Step 1: Prepare input data
import pandas as pd
from IPython.display import HTML
# Set display options for debugging.
pd.set_option("display.max_colwidth", None)
pd.set_option("display.max_columns", None)
HTML("<style>div.output_area pre {white-space: pre-wrap;}</style>")
# Create a query list.
query_list = [
"What is the average distance between the Earth and the Sun?",
"In what year did the American Revolutionary War begin?",
"What is the boiling point of water?",
"How can I quickly relieve a headache?",
"Who is the main character in the Harry Potter series?",
]
# Convert to a MaxFrame DataFrame.
df = md.DataFrame({"query": query_list})
df.execute()Step 2: Initialize the LLM instance
ManagedTextGenLLM is the client for managed text generation models hosted on MaxCompute. Pass the exact model name to identify which model to use.

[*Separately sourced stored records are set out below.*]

lemma tE_scale: "tE a1 a2 a (\<lambda>p. c * u p) = (\<lambda>p. c * tE a1 a2 a u p)"
  by (rule ext, case_tac p) (simp add: tE_apply algebra_simps)

lemma tF_scale: "tF a1 a2 a (\<lambda>p. c * u p) = (\<lambda>p. c * tF a1 a2 a u p)"
  by (rule ext, case_tac p) (simp add: tF_apply algebra_simps)

lemma tH_scale: "tH a1 a2 a (\<lambda>p. c * u p) = (\<lambda>p. c * tH a1 a2 a u p)"
  by (rule ext, case_tac p) (simp add: tH_apply algebra_simps)

lemma tE_sum: "tE a1 a2 a (\<lambda>p. \<Sum>i\<in>S. f i p) = (\<lambda>p. \<Sum>i\<in>S. tE a1 a2 a (f i) p)"
  by (rule ext, case_tac p) (simp add: tE_apply sum_distrib_left sum.distrib)

lemma tF_sum: "tF a1 a2 a (\<lambda>p. \<Sum>i\<in>S. f i p) = (\<lambda>p. \<Sum>i\<in>S. tF a1 a2 a (f i) p)"
  by (rule ext, case_tac p) (simp add: tF_apply sum_distrib_left sum.distrib)

lemma tH_sum: "tH a1 a2 a (\<lambda>p. \<Sum>i\<in>S. f i p) = (\<lambda>p. \<Sum>i\<in>S. tH a1 a2 a (f i) p)"
  by (rule ext, case_tac p) (simp add: tH_apply sum_distrib_left sum.distrib)

lemma tE_zero [simp]: "tE a1 a2 a (\<lambda>p. 0) = (\<lambda>p. 0)"
  by (rule ext, case_tac p) (simp add: tE_apply)

lemma tF_zero [simp]: "tF a1 a2 a (\<lambda>p. 0) = (\<lambda>p. 0)"
  by (rule ext, case_tac p) (simp add: tF_apply)

lemma weight_eq_if_nonzero:
  assumes "u \<in> FS a1 a2 a" "tH a1 a2 a u = (\<lambda>p. \<mu> * u p)" "u (k, m) \<noteq> 0"
  shows "\<mu> = a1 - a2 + of_real a + 2 * of_int (k + m)"
proof -
  have "\<mu> * u (k, m) = (hw a1 a2 k + hw (of_real a) 0 m) * u (k, m)"
    using tH_FS[OF assms(1), of k m] assms(2) by metis
  with assms(3) have "\<mu> = hw a1 a2 k + hw (of_real a) 0 m"
    by simp
  then show ?thesis
    by (simp add: hw_def algebra_simps)
qed

lemma weight_vector_antidiagonal:
  assumes "u \<in> FS a1 a2 a"
    and "tH a1 a2 a u = (\<lambda>p. (a1 - a2 + of_real a + 2 * of_int d) * u p)" "u (k, m) \<noteq> 0"
  shows "k + m = d"
proof -
  have "(of_int (2 * d) :: complex) = of_int (2 * (k + m))"
    using weight_eq_if_nonzero[OF assms] by simp
  then show ?thesis
    by (simp only: of_int_eq_iff) presburger
qed

definition admissible :: "complex \<Rightarrow> complex \<Rightarrow> bool" where
  "admissible a1 a2 \<longleftrightarrow> (a1 = 0 \<and> Im a2 = 0 \<and> Re a2 < 0)
       \<or> (\<exists>x y. -1 \<le> x \<and> x < 0 \<and> y > 0 \<and> a1 = Complex (-1 - x) y \<and> a2 = Complex x y)
       \<or> (Im a1 = 0 \<and> Im a2 = 0 \<and> -1 < Re a1 \<and> Re a1 < 0 \<and> -1 < Re a2 \<and> Re a2 < 0)"

lemma admissibleE:
  assumes "admissible a1 a2"
  obtains (zero) r2 where "a1 = 0" "a2 = of_real r2" "r2 < 0"
    | (complex) x y where "-1 \<le> x" "x < 0" "y > 0" "a1 = Complex (-1 - x) y" "a2 = Complex x y"
    | (interval) r1 r2 where "a1 = of_real r1" "a2 = of_real r2" "-1 < r1" "r1 < 0" "-1 < r2" "r2 < 0"
  using assms unfolding admissible_def by (metis Re_complex_of_real complex_eq_iff Im_complex_of_real)

lemma not_Ints_between_neg1_0: "-1 < r \<Longrightarrow> r < 0 \<Longrightarrow> (r::real) \<notin> \<int>"
  by (auto elim!: Ints_cases)

lemma of_real_neq_of_int_between_neg1_0: "-1 < r \<Longrightarrow> r < 0 \<Longrightarrow> of_real r \<noteq> (of_int n :: complex)"
  using not_Ints_between_neg1_0 by (metis Ints_of_int of_real_eq_iff of_real_of_int_eq)

lemma Kset_admissible:
  assumes "admissible a1 a2"
  shows "Kset a1 a2 = (if a1 = 0 then {k. 0 \<le> k} else UNIV)"
  using assms
proof (cases rule: admissibleE)
  case (zero r2)
  have "of_real r2 = (of_int n :: complex) \<Longrightarrow> n < 0" for n
    using zero(3) by (metis of_int_less_0_iff of_real_of_int_eq of_real_eq_iff)
  then show ?thesis
    using zero unfolding Kset_def by force
next
  case (complex x y)
  then show ?thesis
    unfolding Kset_def by (auto simp: complex_eq_iff)
next
  case (interval r1 r2)
  then show ?thesis
    unfolding Kset_def by (auto simp: of_real_neq_of_int_between_neg1_0)
qed

lemma Kset_admissible_add:
  "admissible a1 a2 \<Longrightarrow> k \<in> Kset a1 a2 \<Longrightarrow> k + int j \<in> Kset a1 a2"
  by (simp add: Kset_admissible split: if_splits)

lemma admissible_not_negint:
  assumes "admissible a1 a2"
  shows "\<not> negint a1" "a1 \<noteq> 0 \<Longrightarrow> \<not> negint a2"
proof -
  have "\<not> negint a1 \<and> (a1 \<noteq> 0 \<longrightarrow> \<not> negint a2)"
    using assms
  proof (cases rule: admissibleE)
    case (complex x y)
    then show ?thesis
      by (auto simp: negint_def complex_eq_iff)
  next
    case (interval r1 r2)
    then show ?thesis
      by (auto simp: negint_def of_real_neq_of_int_between_neg1_0)
  qed simp
  then show "\<not> negint a1" "a1 \<noteq> 0 \<Longrightarrow> \<not> negint a2"
    by auto
qed

definition ladder_prod :: "complex \<Rightarrow> complex \<Rightarrow> int \<Rightarrow> complex" where
  "ladder_prod a1 a2 k = (of_int k - 1 - a2) * (of_int k + a1)"

lemma eE_eF_admissible: "admissible a1 a2 \<Longrightarrow> eE a1 a2 (k - 1) * eF a1 a2 k = - ladder_prod a1 a2 k"
  using admissible_not_negint[of a1 a2]
  by (cases "a1 = 0") (auto simp: eE_def eF_def ladder_prod_def algebra_simps)

definition xnorm_real :: "real \<Rightarrow> real \<Rightarrow> int \<Rightarrow> real" where
  "xnorm_real r1 r2 k =
     (if 0 \<le> k then \<Prod>j\<in>{1..nat k}. (real j + r1) / (real j - 1 - r2)
      else \<Prod>j\<in>{1..nat (- k)}. (real j + r2) / (real j - 1 - r1))"

definition xnorm_negint :: "real \<Rightarrow> int \<Rightarrow> real" where
  "xnorm_negint r2 k = fact (nat k) * (\<Prod>j\<in>{1..nat k}. (real j - 1 - r2))"

lemma xnorm2_of_real:
  "\<not> negint (of_real r2) \<Longrightarrow> xnorm2 (of_real r1) (of_real r2) k = of_real (xnorm_real r1 r2 k)"
  unfolding xnorm2_def xnorm_real_def by simp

from maxframe.learn.contrib.llm.models.managed import ManagedTextGenLLM
llm = ManagedTextGenLLM(
name="Qwen3-4B-Instruct-2507-FP8" # The model name must be an exact match.
)A typo or version mismatch in the model name causes the task to fail. For the full list of supported models, see Supported models for MaxFrame AI Function.

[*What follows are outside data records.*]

(* Let $\mu\in\mathbb F_q\setminus\{0\}$. If $g$ is a generator of $\mathcal W_0$ such that $g\cap\Delta$ is an $(n-2)$-space, then $g\cap\mathcal Q_\mu$ is a cone whose vertex is an $(n-3)$-space (empty if $n=2$) and whose base is a non-degenerate conic.
   Context: Let $q$ be an even prime power and $n\ge 2$ an integer. Let $\mathrm{PG}(2n+1,q)$ have homogeneous coordinates $(X_1,\dots,X_{2n+2})$. Fix $\delta\in\mathbb F_q$ such that $X^2+X+\delta$ is irreducible over $\mathbb F_q$. For $\mu\in\mathbb F_q$ let $\mathcal Q_\mu$ be the quadric $X_1^2+X_1X_{2n+2}+\delta X_{2n+2}^2+\sum_{i=2}^{n+1}X_iX_{2n+3-i}+\mu(X_{2n}^2+X_{2n}X_{2n+1}+\delta X_{2n+1}^2)=0$ (an elliptic quadric $\mathcal Q^-(2n+1,q)$), and $\perp_\mu$ the symplectic polarity defined by the alternating form $B_\mu(X,Y)=\sum_{i=1}^{2n+2}X_iY_{2n+3-i}+\mu(X_{2n}Y_{2n+1}+X_{2n+1}Y_{2n})$ (the polarity associated with $\mathcal Q_\mu$). Let $\mathcal W_\mu$ be the associated symplectic polar space; its generators are the totally isotropic $n$-spaces. Let $\Delta$ be the $(2n-1)$-space $X_{2n}=X_{2n+1}=0$. A $(-1)$-space is the empty set. *)

theory Defs
  imports Main "HOL-Library.Function_Algebras" "HOL-Computational_Algebra.Polynomial"
begin

text \<open>Vectors of F_q^(2n+2) are modelled as functions nat => 'a supported on {1..2n+2}
  (coordinate X_i is v i). A projective k-space is a vector subspace of dimension k+1;
  a point set of PG(2n+1,q) is modelled by the corresponding set of vectors (including 0).\<close>

definition smul :: "'a::field \<Rightarrow> (nat \<Rightarrow> 'a) \<Rightarrow> (nat \<Rightarrow> 'a)" where
  "smul c v = (\<lambda>i. c * v i)"

lemma vector_space_smul: "vector_space (smul :: 'a::field \<Rightarrow> _)"
  by unfold_locales (simp_all add: smul_def fun_eq_iff algebra_simps)

definition ambient :: "nat \<Rightarrow> (nat \<Rightarrow> 'a::field) set" where
  "ambient n = {v. \<forall>i. i \<notin> {1..2*n+2} \<longrightarrow> v i = 0}"

definition is_space :: "nat \<Rightarrow> nat \<Rightarrow> (nat \<Rightarrow> 'a::field) set \<Rightarrow> bool" where
  "is_space n d S \<longleftrightarrow> S \<subseteq> ambient n \<and> module.subspace smul S \<and> vector_space.dim smul S = d"

definition Qmu :: "nat \<Rightarrow> 'a::field \<Rightarrow> 'a \<Rightarrow> (nat \<Rightarrow> 'a) \<Rightarrow> 'a" where
  "Qmu n \<delta> \<mu> X = X 1 ^ 2 + X 1 * X (2*n+2) + \<delta> * X (2*n+2) ^ 2
     + (\<Sum>i=2..n+1. X i * X (2*n+3-i))
     + \<mu> * (X (2*n) ^ 2 + X (2*n) * X (2*n+1) + \<delta> * X (2*n+1) ^ 2)"

definition Bmu :: "nat \<Rightarrow> 'a::field \<Rightarrow> (nat \<Rightarrow> 'a) \<Rightarrow> (nat \<Rightarrow> 'a) \<Rightarrow> 'a" where
  "Bmu n \<mu> X Y = (\<Sum>i=1..2*n+2. X i * Y (2*n+3-i))
     + \<mu> * (X (2*n) * Y (2*n+1) + X (2*n+1) * Y (2*n))"

definition generator :: "nat \<Rightarrow> 'a::field \<Rightarrow> (nat \<Rightarrow> 'a) set \<Rightarrow> bool" where
  "generator n \<mu> g \<longleftrightarrow> is_space n (n+1) g \<and> (\<forall>v\<in>g. \<forall>w\<in>g. Bmu n \<mu> v w = 0)"

definition Delta :: "nat \<Rightarrow> (nat \<Rightarrow> 'a::field) set" where
  "Delta n = {v \<in> ambient n. v (2*n) = 0 \<and> v (2*n+1) = 0}"

text \<open>The point set of g on Q_mu is a cone with vertex K (projective (dim K - 1)-space)
  and base the conic pi \<inter> Q_mu, where pi is a plane of g skew to K spanning g with K,
  and the conic is non-degenerate: the quadratic form Q_mu restricted to pi has no
  nonzero singular vector (Q(v)=0 and v in the radical of the polar form B_mu on pi).\<close>
definition cone_over_nondeg_conic ::
    "nat \<Rightarrow> 'a::field \<Rightarrow> 'a \<Rightarrow> (nat \<Rightarrow> 'a) set \<Rightarrow> (nat \<Rightarrow> 'a) set \<Rightarrow> bool" where
  "cone_over_nondeg_conic n \<delta> \<mu> g K \<longleftrightarrow>
     (\<exists>P. is_space n 3 P \<and> K \<subseteq> g \<and> P \<subseteq> g \<and> K \<inter> P = {0}
        \<and> g = {k + p | k p. k \<in> K \<and> p \<in> P}
        \<and> {v \<in> g. Qmu n \<delta> \<mu> v = 0} = {k + p | k p. k \<in> K \<and> p \<in> P \<and> Qmu n \<delta> \<mu> p = 0}
        \<and> (\<forall>p\<in>P. Qmu n \<delta> \<mu> p = 0 \<and> (\<forall>p'\<in>P. Bmu n \<mu> p p' = 0) \<longrightarrow> p = 0))"

end

theory Submission
  imports Defs
begin

text \<open>Since g is totally isotropic for B_0 and q is even, Q_0 is additive on g with
  Q_0(cv) = c^2 Q_0(v), and every element of F_q is a square; hence the singular vectors K of
  Q_0 in D = g \<inter> \<Delta> form a subspace of codimension at most one in D. The codimension is one:
  g contains u, w with (X_2n, X_2n+1) equal to (1,0) and (0,1), B_0-orthogonality to them kills
  the coordinates X_2, X_3 on D, and a totally singular D would then be an (n-1)-dimensional
  totally singular subspace of a form of Witt index n-2. For a non-singular d_0 in D we get
  g = K \<oplus> \<langle>d_0, u, w\<rangle>; the vectors of K are Q_\<mu>-singular and B_\<mu>-orthogonal to g, and on the
  plane \<langle>d_0, u, w\<rangle> the extra term \<mu>(X_2n Y_2n+1 + X_2n+1 Y_2n) of B_\<mu> makes the restricted
  form non-degenerate.\<close>

interpretation V: vector_space "smul :: 'a::field \<Rightarrow> (nat \<Rightarrow> 'a) \<Rightarrow> (nat \<Rightarrow> 'a)"
  by (rule vector_space_smul)

interpretation VP: vector_space_pair "smul :: 'a::field \<Rightarrow> (nat \<Rightarrow> 'a) \<Rightarrow> (nat \<Rightarrow> 'a)"
  "smul :: 'a::field \<Rightarrow> (nat \<Rightarrow> 'a) \<Rightarrow> (nat \<Rightarrow> 'a)"
  by unfold_locales

lemma smul_apply: "smul c v i = c * v i"
  by (simp add: smul_def)

lemma CHAR_2_add_self:
  assumes "CHAR('a::ring_1) = 2" shows "(x::'a) + x = 0"
  using uminus_CHAR_2[OF assms, of x] by (metis add.right_inverse)

lemma CHAR_2_power2_add:
  assumes "CHAR('a::comm_ring_1) = 2" shows "((x::'a) + y)^2 = x^2 + y^2"
  using CHAR_2_add_self[OF assms, of "x * y"] by (simp add: power2_sum mult_2 ac_simps)

lemma CHAR_2_exists_sqrt:
  assumes "CHAR('a::{finite,field}) = 2" shows "\<exists>c::'a. c^2 = a"
proof -
  have "inj (\<lambda>c::'a. c^2)"
  proof (rule injI)
    fix x y :: 'a assume "x^2 = y^2"
    then have "(x + y)^2 = 0" using CHAR_2_power2_add[OF assms, of x y] CHAR_2_add_self[OF assms] by simp
    then show "x = y" using minus_CHAR_2[OF assms, of x y] by simp
  qed
  then have "surj (\<lambda>c::'a. c^2)" by (rule finite_UNIV_inj_surj[OF finite_UNIV])
  then show ?thesis by (metis surjD)
qed

lemma irreducible_quadratic_anisotropic:
  fixes \<delta> x y :: "'a::field"
  assumes irr: "irreducible [:\<delta>, 1, 1:]" and zero: "x^2 + x*y + \<delta>*y^2 = 0"
  shows "x = 0 \<and> y = 0"
proof (rule ccontr)
  assume "\<not> (x = 0 \<and> y = 0)"
  with zero have "y \<noteq> 0" by auto
  then have "poly [:\<delta>, 1, 1:] (x / y) = 0"
    using zero by (simp add: field_simps power2_eq_square)
  then obtain q where q: "[:\<delta>, 1, 1:] = [:-(x / y), 1:] * q"
    using poly_eq_0_iff_dvd by blast
  then have q0: "q \<noteq> 0" by auto
  then have "degree [:\<delta>, 1, 1:] = 1 + degree q"
    unfolding q by (subst degree_mult_eq) simp_all
  then have "degree q = 1" by simp
  moreover have "is_unit [:-(x / y), 1:] \<or> is_unit q"
    using irreducibleD[OF irr q] .
  ultimately show False using q0 by (auto simp: is_unit_iff_degree)
qed

lemma finite_ambient: "finite (ambient n :: (nat \<Rightarrow> 'a::{finite,field}) set)"
proof (rule finite_subset)
  show "ambient n \<subseteq> {f :: nat \<Rightarrow> 'a. \<forall>x. x \<notin> {1..2*n+2} \<longrightarrow> f x = 0}"
    by (auto simp: ambient_def)
  show "finite \<dots>" using finite_set_of_finite_funs[of "{1..2*n+2}" "UNIV::'a set" 0] by simp
qed

lemma linear_smulI:
  assumes "\<And>x y. f (x + y) = f x + f y" "\<And>c x. f (smul c x) = smul c (f x)"
  shows "Vector_Spaces.linear smul smul (f :: (nat \<Rightarrow> 'a::field) \<Rightarrow> (nat \<Rightarrow> 'a))"
  using assms vector_space_smul by (simp add: Vector_Spaces.linear_iff)

lemma subspace_coord_zero:
  "V.subspace S \<Longrightarrow> V.subspace {s \<in> S. s j = 0}"
  unfolding V.subspace_def by (auto simp: smul_apply)

lemma dim_le_dim_coord_zero:
  fixes S :: "(nat \<Rightarrow> 'a::field) set"
  assumes sub: "V.subspace S" and fin: "finite S"
  shows "V.dim S \<le> V.dim {s \<in> S. s j = 0} + 1"
proof (cases "\<forall>s\<in>S. s j = 0")
  case True
  then have "{s \<in> S. s j = 0} = S" by auto
  then show ?thesis by simp
next
  case False
  then obtain s0 where s0: "s0 \<in> S" "s0 j \<noteq> 0" by auto
  obtain B where B: "B \<subseteq> {s \<in> S. s j = 0}" "V.independent B" "{s \<in> S. s j = 0} \<subseteq> V.span B"
     "card B = V.dim {s \<in> S. s j = 0}"
    using V.basis_exists by blast
  have finB: "finite B" using B(1) fin by (auto intro: finite_subset)
  have "S \<subseteq> V.span (insert s0 B)"
  proof
    fix s assume s: "s \<in> S"
    have "s - smul (s j / s0 j) s0 \<in> {s \<in> S. s j = 0}"
      using sub s s0 by (simp add: V.subspace_diff V.subspace_scale smul_apply)
    then show "s \<in> V.span (insert s0 B)" using B(3) V.span_breakdown_eq by blast
  qed
  then have "V.dim S \<le> card (insert s0 B)" using finB by (simp add: V.dim_le_card)
  also have "\<dots> \<le> card B + 1" using finB by (simp add: card_insert_if)
  finally show ?thesis using B(4) by simp
qed

lemma dim_image_inj_on:
  fixes S :: "(nat \<Rightarrow> 'a::field) set"
  assumes lin: "Vector_Spaces.linear smul smul f" and sub: "V.subspace S" and inj: "inj_on f S"
  shows "V.dim (f ` S) = V.dim S"
proof -
  obtain B where B: "B \<subseteq> S" "V.independent B" "S \<subseteq> V.span B" "card B = V.dim S"
    using V.basis_exists[of S] by auto
  have spB: "V.span B = S"
    using B V.span_minimal[OF B(1) sub] by auto
  have "V.independent (f ` B)"
    using VP.linear_independent_injective_image[OF lin B(2)] inj spB by simp
  moreover have "card (f ` B) = card B"
    using card_image inj_on_subset[OF inj B(1)] by blast
  moreover have "V.span (f ` B) = f ` S" using VP.linear_span_image[OF lin, of B] spB by simp
  ultimately show ?thesis
    using B(4) by (metis V.dim_eq_card_independent V.dim_span)
qed

lemma in_span_insert_iff:
  "x \<in> V.span (insert a S) \<longleftrightarrow> (\<exists>c y. y \<in> V.span S \<and> x = smul c a + y)"
  unfolding V.span_breakdown_eq
proof
  assume "\<exists>k. x - smul k a \<in> V.span S"
  then obtain k where "x - smul k a \<in> V.span S" ..
  then show "\<exists>c y. y \<in> V.span S \<and> x = smul c a + y"
    by (intro exI[of _ k] exI[of _ "x - smul k a"]) simp
qed (metis add_diff_cancel_left')

lemma in_span_3_iff:
  "x \<in> V.span {d, u, w} \<longleftrightarrow> (\<exists>c a b. x = smul c d + smul a u + smul b w)"
  by (auto simp: in_span_insert_iff V.span_singleton add.assoc)

definition clear_coords :: "nat set \<Rightarrow> (nat \<Rightarrow> 'a::zero) \<Rightarrow> nat \<Rightarrow> 'a" where
  "clear_coords J v = (\<lambda>i. if i \<in> J then 0 else v i)"

lemma linear_clear_coords: "Vector_Spaces.linear smul smul (clear_coords J :: (nat \<Rightarrow> 'a::field) \<Rightarrow> _)"
  by (rule linear_smulI) (auto simp: clear_coords_def fun_eq_iff smul_apply)

lemma Qmu_smul: "Qmu n \<delta> \<mu> (smul c v) = c^2 * Qmu n \<delta> \<mu> v"
  by (simp add: Qmu_def sum_distrib_left power2_eq_square algebra_simps smul_apply)

lemma Qmu_zero [simp]: "Qmu n \<delta> \<mu> 0 = 0"
  by (simp add: Qmu_def)

lemma Qmu_eq_Q0: "v (2*n) = 0 \<Longrightarrow> v (2*n+1) = 0 \<Longrightarrow> Qmu n \<delta> \<mu> v = Qmu n \<delta> 0 v"
  by (simp add: Qmu_def)

lemma Bmu_eq_B0: "Bmu n \<mu> v w = Bmu n 0 v w + \<mu> * (v (2*n) * w (2*n+1) + v (2*n+1) * w (2*n))"
  by (simp add: Bmu_def)

lemma sum_reflect_halves:
  "(\<Sum>i=1..2*n+2. (f::nat \<Rightarrow> 'a::comm_monoid_add) i) = (\<Sum>i=1..n+1. f i + f (2*n+3-i))"
proof -
  have "{1..2*n+2} = {1..n+1} \<union> {n+2..2*n+2}" by auto
  then have "(\<Sum>i=1..2*n+2. f i) = (\<Sum>i=1..n+1. f i) + (\<Sum>i=n+2..2*n+2. f i)"
    by (simp add: sum.union_disjoint)
  also have "(\<Sum>i=n+2..2*n+2. f i) = (\<Sum>i=1..n+1. f (2*n+3-i))"
    by (rule sum.reindex_bij_witness[where i="\<lambda>i. 2*n+3-i" and j="\<lambda>i. 2*n+3-i"]) auto
  finally show ?thesis by (simp add: sum.distrib)
qed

Step 3: Define the prompt template
messages = [
{"role": "system", "content": "You are a helpful assistant."},
{"role": "user", "content": "Please answer the following question: {query}"},
]Template syntax:
Use
{column_name}as a placeholder — it is automatically replaced with the value from the corresponding DataFrame column at runtime.Pass a
messageslist to support multi-turn conversations.Use the
systemrole to define the model's behavior.

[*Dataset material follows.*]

(* Let $K$ be a semifield. Let $P$ be a polygon with vertex set $V$ and a non-empty dissection $D$, and let $d=\{\zeta,\eta\}\in D$ be such that $D = \{d\}\cup D_2$ where $D_2$ is a dissection of the subpolygon $P_2$ with vertex set $V_2 = \{\varepsilon \in V : \eta \le \varepsilon \le \zeta\}$. Let $U_1 = \{\varepsilon\in V : \zeta<\varepsilon<\eta\}$, $U_2 = \{\varepsilon\in V : \eta<\varepsilon<\zeta\}$, and let $\alpha \in U_1$, $\beta \in U_2$. Let $f : \operatorname{diag}(P) \to K$ be a map such that $f|_{\operatorname{diag}(P_2)}$ satisfies the $T$-path formula with respect to $D_2$. Then \[ f(\zeta,\eta)^{-1}\big[ f(\alpha,\zeta)f(\eta,\beta) + f(\alpha,\eta)f(\zeta,\beta) \big] = \sum_{\pi\in\mathcal{T}_{P,D}(\alpha,\beta)} f(\pi). \]
   Context: A semifield is a set $K$ with binary operations $+,\cdot$ such that $+$ is associative and commutative, $(K,\cdot)$ is a commutative group, and $\cdot$ distributes over $+$; $x/y := xy^{-1}$. A polygon is a finite set $V$ of at least three vertices with a cyclic order, pictured as a convex polygon in the plane with vertices anticlockwise. "$a\le\varepsilon\le b$" means $\varepsilon$ lies on the cyclic interval from $a$ to $b$ in the positive direction, endpoints included; "$<$" excludes the corresponding endpoint. A subpolygon is a subset of at least three vertices with induced cyclic order. A diagonal is a two-element subset of the vertex set (edges included); $\operatorname{diag}(Q)$ is the set of diagonals of $Q$; non-edges are internal. Diagonals cross if they consist of four distinct vertices $\alpha,\beta,\gamma,\delta$ appearing cyclically as $\alpha,\gamma,\beta,\delta$ or $\alpha,\delta,\beta,\gamma$. A dissection is a set of pairwise non-crossing internal diagonals. For a dissection $D$ of a polygon $Q$ and vertices $\pi_1\neq\pi_p$, a $T$-path from $\pi_1$ to $\pi_p$ is a tuple $(\pi_1,\dots,\pi_p)$ of vertices of $Q$ with: (i) $\{\pi_1,\pi_2\},\dots,\{\pi_{p-1},\pi_p\}$ pairwise different diagonals; (ii) no $\{\pi_i,\pi_{i+1}\}$ crosses a diagonal of $D$; (iii) each $\{\pi_{2j},\pi_{2j+1}\}$ lies in $D$, and these cross the segment $\{\pi_1,\pi_p\}$ at pairwise different points progressing monotonically from $\pi_1$ to $\pi_p$. $\mathcal{T}_{Q,D}(\alpha,\beta)$ is the set of these. With $f(\alpha,\beta):=f(\{\alpha,\beta\})$, $f(\pi) := \prod_{i\text{ odd}} f(\pi_i,\pi_{i+1}) / \prod_{j\text{ even}} f(\pi_j,\pi_{j+1})$. A map $g:\operatorname{diag}(Q)\to K$ satisfies the $T$-path formula with respect to $D$ if $g(\alpha,\beta) = \sum_{\pi\in\mathcal{T}_{Q,D}(\alpha,\beta)} g(\pi)$ for all vertices $\alpha\neq\beta$ of $Q$. *)

theory Defs
  imports Main
begin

Step 4: Run the generation task
result_df = llm.generate(
df, # Input DataFrame
prompt_template=messages,
running_options={
"max_tokens": 4096, # Maximum output length
"verbose": True # Enable verbose log output
},
params={"temperature": 0.7},
)
# Execute and get the result.
result_df.execute()Output schema
result_df is a MaxFrame DataFrame with the following fields:
| Field | Type | Description |
|---|---|---|
query | string | Original input |
generated_text | string | Response generated by the model |
finish_reason | string | Completion reason: stop or length |
usage.prompt_tokens | int | Number of input tokens |
usage.completion_tokens | int | Number of output tokens |
usage.total_tokens | int | Total number of tokens |
Performance and debugging
Performance optimization
| Optimization | Recommendation |
|---|---|
| Batch size | Keep each batch to fewer than 100 items to avoid out-of-memory (OOM) errors |
| GU allocation | gu=2 is suitable for 4B models — larger models require more GU |
| Degree of parallelism | MaxFrame automatically schedules concurrent jobs; control this with num_workers |
| Cache intermediate results | Use to_odps_table() to save intermediate tables and avoid recomputation |
| Timeout | Add timeout=3600 to prevent jobs from getting stuck |
Debugging tips
View execution logs
print(session.get_logview_address()) # Click the link to view real-time MaxFrame job logs.Run a small-scale test before full execution
df_sample = df.head(2) # Use two rows for testing.
result_sample = llm.generate(df_sample, prompt_template=messages, running_options={"gu": 2})
result_sample.execute()Check resource usage
View detailed job execution status in MaxFrame Logview.